In its report on the department’s accounts, the committee said it was “completely unacceptable that the Department failed to maintain accounting records to support more than £6 billion of assets” included in its 2024-25 figures. The Comptroller and Auditor General, the head of the National Audit Office, had concluded the accounts “did not provide a true and fair representation of its financial position”. The cause was the misclassification of historic spending by the Atomic Weapons Establishment, some of it dating back to 2007, as expenditure that had resulted in the development of infrastructure.

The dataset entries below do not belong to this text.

(* For a smooth real-valued potential $V(t,x)$, the maximal Lie invariance algebra $\mathfrak g_V$ of $i\psi_t+\psi_{xx}+V(t,x)\psi=0$ is spanned by the vector fields $D_{\mathbb R}(\tau)$, $G(\chi)$, $I$, $\sigma M$ and $Z(\eta^0)$, where $\tau,\chi,\sigma$ run through the smooth real-valued functions of $t$ satisfying $$\tau V_t+\Big(\frac12\tau_tx+\chi\Big)V_x+\tau_tV=\frac18\tau_{ttt}x^2+\frac12\chi_{tt}x+\sigma_t,$$ and $\eta^0$ runs through the solution set of the equation.
   Context: $\psi$ is a complex-valued function of real $t,x$; $\psi^*$ is treated as an additional dependent variable and vector fields act on $(t,x,\psi,\psi^* )$. Notation: $M=i\psi\partial_\psi-i\psi^*\partial_{\psi^*}$, $I=\psi\partial_\psi+\psi^*\partial_{\psi^*}$, $D_{\mathbb R}(\tau)=\tau\partial_t+\frac12\tau_tx\partial_x+\frac18\tau_{tt}x^2M-\frac14\tau_tI$, $G(\chi)=\chi\partial_x+\frac12\chi_txM$, $Z(\eta)=\eta\partial_\psi+\eta^*\partial_{\psi^*}$; $\sigma M$ means $\sigma(t)M$. *)

theory Defs
  imports "HOL-Analysis.Analysis"
begin

fun Ck :: "nat \<Rightarrow> ('a::real_normed_vector \<Rightarrow> 'b::real_normed_vector) \<Rightarrow> bool" where
  "Ck 0 f = continuous_on UNIV f"
| "Ck (Suc n) f = (\<exists>f'. (\<forall>x. (f has_derivative f' x) (at x)) \<and> (\<forall>v. Ck n (\<lambda>x. f' x v)))"

definition smooth :: "('a::real_normed_vector \<Rightarrow> 'b::real_normed_vector) \<Rightarrow> bool" where
  "smooth f \<longleftrightarrow> (\<forall>n. Ck n f)"

definition pdt :: "(real \<Rightarrow> real \<Rightarrow> 'a::real_normed_vector) \<Rightarrow> real \<Rightarrow> real \<Rightarrow> 'a" where
  "pdt f t x = vector_derivative (\<lambda>s. f s x) (at t)"

definition pdx :: "(real \<Rightarrow> real \<Rightarrow> 'a::real_normed_vector) \<Rightarrow> real \<Rightarrow> real \<Rightarrow> 'a" where
  "pdx f t x = vector_derivative (\<lambda>y. f t y) (at x)"

(* Vector fields  tau d_t + xi d_x + eta d_psi + eta^* d_psi^*  on (t,x,psi,psi^* ),
   the point (t,x,psi,psi^* ) being encoded as (t,x,psi) with psi complex.
   Represented by the triple (tau, xi, eta); the coefficient of d_psi^* is conj eta. *)
type_synonym vf = "(real \<times> real \<times> complex \<Rightarrow> real) \<times> (real \<times> real \<times> complex \<Rightarrow> real) \<times> (real \<times> real \<times> complex \<Rightarrow> complex)"

definition vf_add :: "vf \<Rightarrow> vf \<Rightarrow> vf" where
  "vf_add P Q = (case P of (t1, x1, e1) \<Rightarrow> case Q of (t2, x2, e2) \<Rightarrow>
      (\<lambda>p. t1 p + t2 p, \<lambda>p. x1 p + x2 p, \<lambda>p. e1 p + e2 p))"

definition vf_scale :: "real \<Rightarrow> vf \<Rightarrow> vf" where
  "vf_scale c Q = (case Q of (t1, x1, e1) \<Rightarrow>
      (\<lambda>p. c * t1 p, \<lambda>p. c * x1 p, \<lambda>p. of_real c * e1 p))"

definition vfI :: vf where
  "vfI = (\<lambda>_. 0, \<lambda>_. 0, \<lambda>(t, x, \<psi>). \<psi>)"

(* sigma(t) M,  M = i psi d_psi - i psi^* d_psi^* *)
definition vfM :: "(real \<Rightarrow> real) \<Rightarrow> vf" where
  "vfM \<sigma> = (\<lambda>_. 0, \<lambda>_. 0, \<lambda>(t, x, \<psi>). of_real (\<sigma> t) * \<i> * \<psi>)"

(* D_R(tau) = tau d_t + 1/2 tau_t x d_x + 1/8 tau_tt x^2 M - 1/4 tau_t I *)
definition vfD :: "(real \<Rightarrow> real) \<Rightarrow> vf" where
  "vfD \<tau> = (\<lambda>(t, x, \<psi>). \<tau> t,
            \<lambda>(t, x, \<psi>). 1/2 * deriv \<tau> t * x,
            \<lambda>(t, x, \<psi>). of_real (1/8 * (deriv ^^ 2) \<tau> t * x\<^sup>2) * \<i> * \<psi>
                        - of_real (1/4 * deriv \<tau> t) * \<psi>)"

(* G(chi) = chi d_x + 1/2 chi_t x M *)
definition vfG :: "(real \<Rightarrow> real) \<Rightarrow> vf" where
  "vfG chi = (\<lambda>_. 0,
            \<lambda>(t, x, \<psi>). chi t,
            \<lambda>(t, x, \<psi>). of_real (1/2 * deriv chi t * x) * \<i> * \<psi>)"

definition vfZ :: "(real \<Rightarrow> real \<Rightarrow> complex) \<Rightarrow> vf" where
  "vfZ \<eta> = (\<lambda>_. 0, \<lambda>_. 0, \<lambda>(t, x, \<psi>). \<eta> t x)"

definition schr :: "(real \<Rightarrow> real \<Rightarrow> real) \<Rightarrow> (real \<Rightarrow> real \<Rightarrow> complex) \<Rightarrow> real \<Rightarrow> real \<Rightarrow> complex" where
  "schr V \<psi> t x = \<i> * pdt \<psi> t x + pdx (pdx \<psi>) t x + of_real (V t x) * \<psi> t x"

definition is_solution :: "(real \<Rightarrow> real \<Rightarrow> real) \<Rightarrow> (real \<Rightarrow> real \<Rightarrow> complex) \<Rightarrow> bool" where
  "is_solution V \<psi> \<longleftrightarrow> smooth (\<lambda>(t, x). \<psi> t x) \<and> (\<forall>t x. schr V \<psi> t x = 0)"

(* Second prolongation pr^(2) Q applied to  i psi_t + psi_xx + V psi, evaluated on the
   2-jet of a function psi at (t,x):  eta^J = D_J(eta - tau psi_t - xi psi_x) + tau psi_Jt + xi psi_Jx,
   total derivatives being evaluated along psi. *)
definition prolong_schr :: "(real \<Rightarrow> real \<Rightarrow> real) \<Rightarrow> vf \<Rightarrow> (real \<Rightarrow> real \<Rightarrow> complex) \<Rightarrow> real \<Rightarrow> real \<Rightarrow> complex" where
  "prolong_schr V Q \<psi> t x = (case Q of (\<tau>, \<xi>, \<eta>) \<Rightarrow>
     let T = (\<lambda>t x. \<tau> (t, x, \<psi> t x));
         X = (\<lambda>t x. \<xi> (t, x, \<psi> t x));
         H = (\<lambda>t x. \<eta> (t, x, \<psi> t x));
         Qc = (\<lambda>t x. H t x - of_real (T t x) * pdt \<psi> t x - of_real (X t x) * pdx \<psi> t x);
         eta_t = pdt Qc t x + of_real (T t x) * pdt (pdt \<psi>) t x + of_real (X t x) * pdx (pdt \<psi>) t x;
         eta_xx = pdx (pdx Qc) t x + of_real (T t x) * pdt (pdx (pdx \<psi>)) t x
                    + of_real (X t x) * pdx (pdx (pdx \<psi>)) t x
     in \<i> * eta_t + eta_xx + of_real (T t x * pdt V t x + X t x * pdx V t x) * \<psi> t x
        + of_real (V t x) * H t x)"

definition is_lie_symmetry :: "(real \<Rightarrow> real \<Rightarrow> real) \<Rightarrow> vf \<Rightarrow> bool" where
  "is_lie_symmetry V Q \<longleftrightarrow> (case Q of (\<tau>, \<xi>, \<eta>) \<Rightarrow> smooth \<tau> \<and> smooth \<xi> \<and> smooth \<eta>) \<and>
     (\<forall>\<psi>. smooth (\<lambda>(t, x). \<psi> t x) \<longrightarrow>
        (\<forall>t x. schr V \<psi> t x = 0 \<longrightarrow> prolong_schr V Q \<psi> t x = 0))"

definition lie_algebra :: "(real \<Rightarrow> real \<Rightarrow> real) \<Rightarrow> vf set" where
  "lie_algebra V = {Q. is_lie_symmetry V Q}"

definition det_eq :: "(real \<Rightarrow> real \<Rightarrow> real) \<Rightarrow> (real \<Rightarrow> real) \<Rightarrow> (real \<Rightarrow> real) \<Rightarrow> (real \<Rightarrow> real) \<Rightarrow> bool" where
  "det_eq V \<tau> chi \<sigma> \<longleftrightarrow> (\<forall>t x.
     \<tau> t * pdt V t x + (1/2 * deriv \<tau> t * x + chi t) * pdx V t x + deriv \<tau> t * V t x
       = 1/8 * (deriv ^^ 3) \<tau> t * x\<^sup>2 + 1/2 * (deriv ^^ 2) chi t * x + deriv \<sigma> t)"

end

theory Submission
  imports Defs
begin

text \<open>
  On a solution the 2-jet \<open>(\<psi>, \<psi>\<^sub>x, \<psi>\<^sub>x\<^sub>x, \<psi>\<^sub>x\<^sub>t)\<close> is arbitrary at any point, while
  \<open>\<psi>\<^sub>t = \<i> (\<psi>\<^sub>x\<^sub>x + V \<psi>)\<close>; quadratic polynomials realise every such jet. So the invariance
  condition is a polynomial identity in the jet, and its coefficients force \<open>\<tau>\<close> to depend on \<open>t\<close>
  only, \<open>\<xi>\<close> on \<open>(t, x)\<close> only, and \<open>\<eta>\<close> to be holomorphic with vanishing second derivative in
  \<open>\<psi>\<close>, i.e. \<open>\<eta> = H(t, x) + F(t, x) \<psi>\<close>. For such fields the condition splits into:
  \<open>H\<close> is a solution, \<open>2 \<xi>\<^sub>x = \<tau>\<^sub>t\<close>, \<open>2 F\<^sub>x = \<i> \<xi>\<^sub>t + \<xi>\<^sub>x\<^sub>x\<close> and
  \<open>\<i> F\<^sub>t + F\<^sub>x\<^sub>x + \<tau>\<^sub>t V + \<tau> V\<^sub>t + \<xi> V\<^sub>x = 0\<close>.
  Integrating in \<open>x\<close> gives \<open>\<xi> = \<tau>\<^sub>t x / 2 + \<chi>\<close> and
  \<open>F = c - \<tau>\<^sub>t / 4 + \<i> (\<tau>\<^sub>t\<^sub>t x\<^sup>2 / 8 + \<chi>\<^sub>t x / 2 + \<sigma>)\<close>, the constant of integration \<open>c\<close>
  coming from the imaginary part of the last equation. This is exactly the field
  \<open>D(\<tau>) + G(\<chi>) + c I + \<sigma> M + Z(H)\<close>, and the real part of the last equation becomes the
  classifying condition.
\<close>

section \<open>Smooth maps\<close>

definition dderiv :: "('a::real_normed_vector \<Rightarrow> 'b::real_normed_vector) \<Rightarrow> 'a \<Rightarrow> 'a \<Rightarrow> 'b" where
  "dderiv f v x = frechet_derivative f (at x) v"

lemma dderiv_eq: "(f has_derivative F) (at x) \<Longrightarrow> dderiv f v x = F v"
  using frechet_derivative_at[of f F x] by (simp add: dderiv_def)

lemma Ck_SucI: "(\<And>x. (f has_derivative F x) (at x)) \<Longrightarrow> (\<And>v. Ck n (\<lambda>x. F x v)) \<Longrightarrow> Ck (Suc n) f"
  by (simp only: Ck.simps) (rule exI[of _ F], auto)

lemma Ck_Suc_iff:
  "Ck (Suc n) f \<longleftrightarrow> (\<forall>x. (f has_derivative (\<lambda>v. dderiv f v x)) (at x)) \<and> (\<forall>v. Ck n (dderiv f v))"
proof
  assume "Ck (Suc n) f"
  then obtain f' where f': "\<And>x. (f has_derivative f' x) (at x)" "\<And>v. Ck n (\<lambda>x. f' x v)" by auto
  have "dderiv f v x = f' x v" for x v using f'(1) by (rule dderiv_eq)
  then have "(\<lambda>v. dderiv f v x) = f' x" "dderiv f v = (\<lambda>x. f' x v)" for x v by auto
  then show "(\<forall>x. (f has_derivative (\<lambda>v. dderiv f v x)) (at x)) \<and> (\<forall>v. Ck n (dderiv f v))"
    using f' by simp
next
  assume "(\<forall>x. (f has_derivative (\<lambda>v. dderiv f v x)) (at x)) \<and> (\<forall>v. Ck n (dderiv f v))"
  then show "Ck (Suc n) f" by (intro Ck_SucI) auto
qed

The problem arose, the committee said, because the department did not accurately reflect the costs of the establishment’s asset management programmes on its own balance sheet. “About 85% of the overstatement was due to early-stage feasibility work being capitalised,” the report said, and the department is likely to write off some of those costs. The department had identified weaknesses in its controls that it needed to put right.

The committee was unconvinced by the department’s focus on the sheer complexity and scale of its spending. That emphasis, it said, “only highlights the importance of it having effective controls and processes in place across all its activities, which it tests regularly to ensure they continue to fulfil their purpose”.

Sir Geoffrey Clifton-Brown, the committee’s chair, set the accounting failure alongside the wider concern about nuclear spending. He spoke of “a completely unacceptable £6bn accounting muddle around the Atomic Weapons Establishment”, welcoming the prospect of stronger scrutiny so that the public could have greater confidence their money was being spent wisely.

The committee’s recommendation set the department three tasks. It should explain what additional checks it had put in place so that its Accounting Officer was assured that all balances in the 2025-26 financial statements presented to the National Audit Office “were supported by appropriate accounting records and complied with accounting policies”, and how it would ensure those assurance processes “continue to work as intended in future years”. It should also confirm to the committee in writing “how much of the costs it has written off, as soon as it has agreed the amount”.

The committee’s findings point less to money lost than to a breakdown in the controls needed to record it correctly, the kind of failure that, in an organisation of the department’s size, it argued should not occur.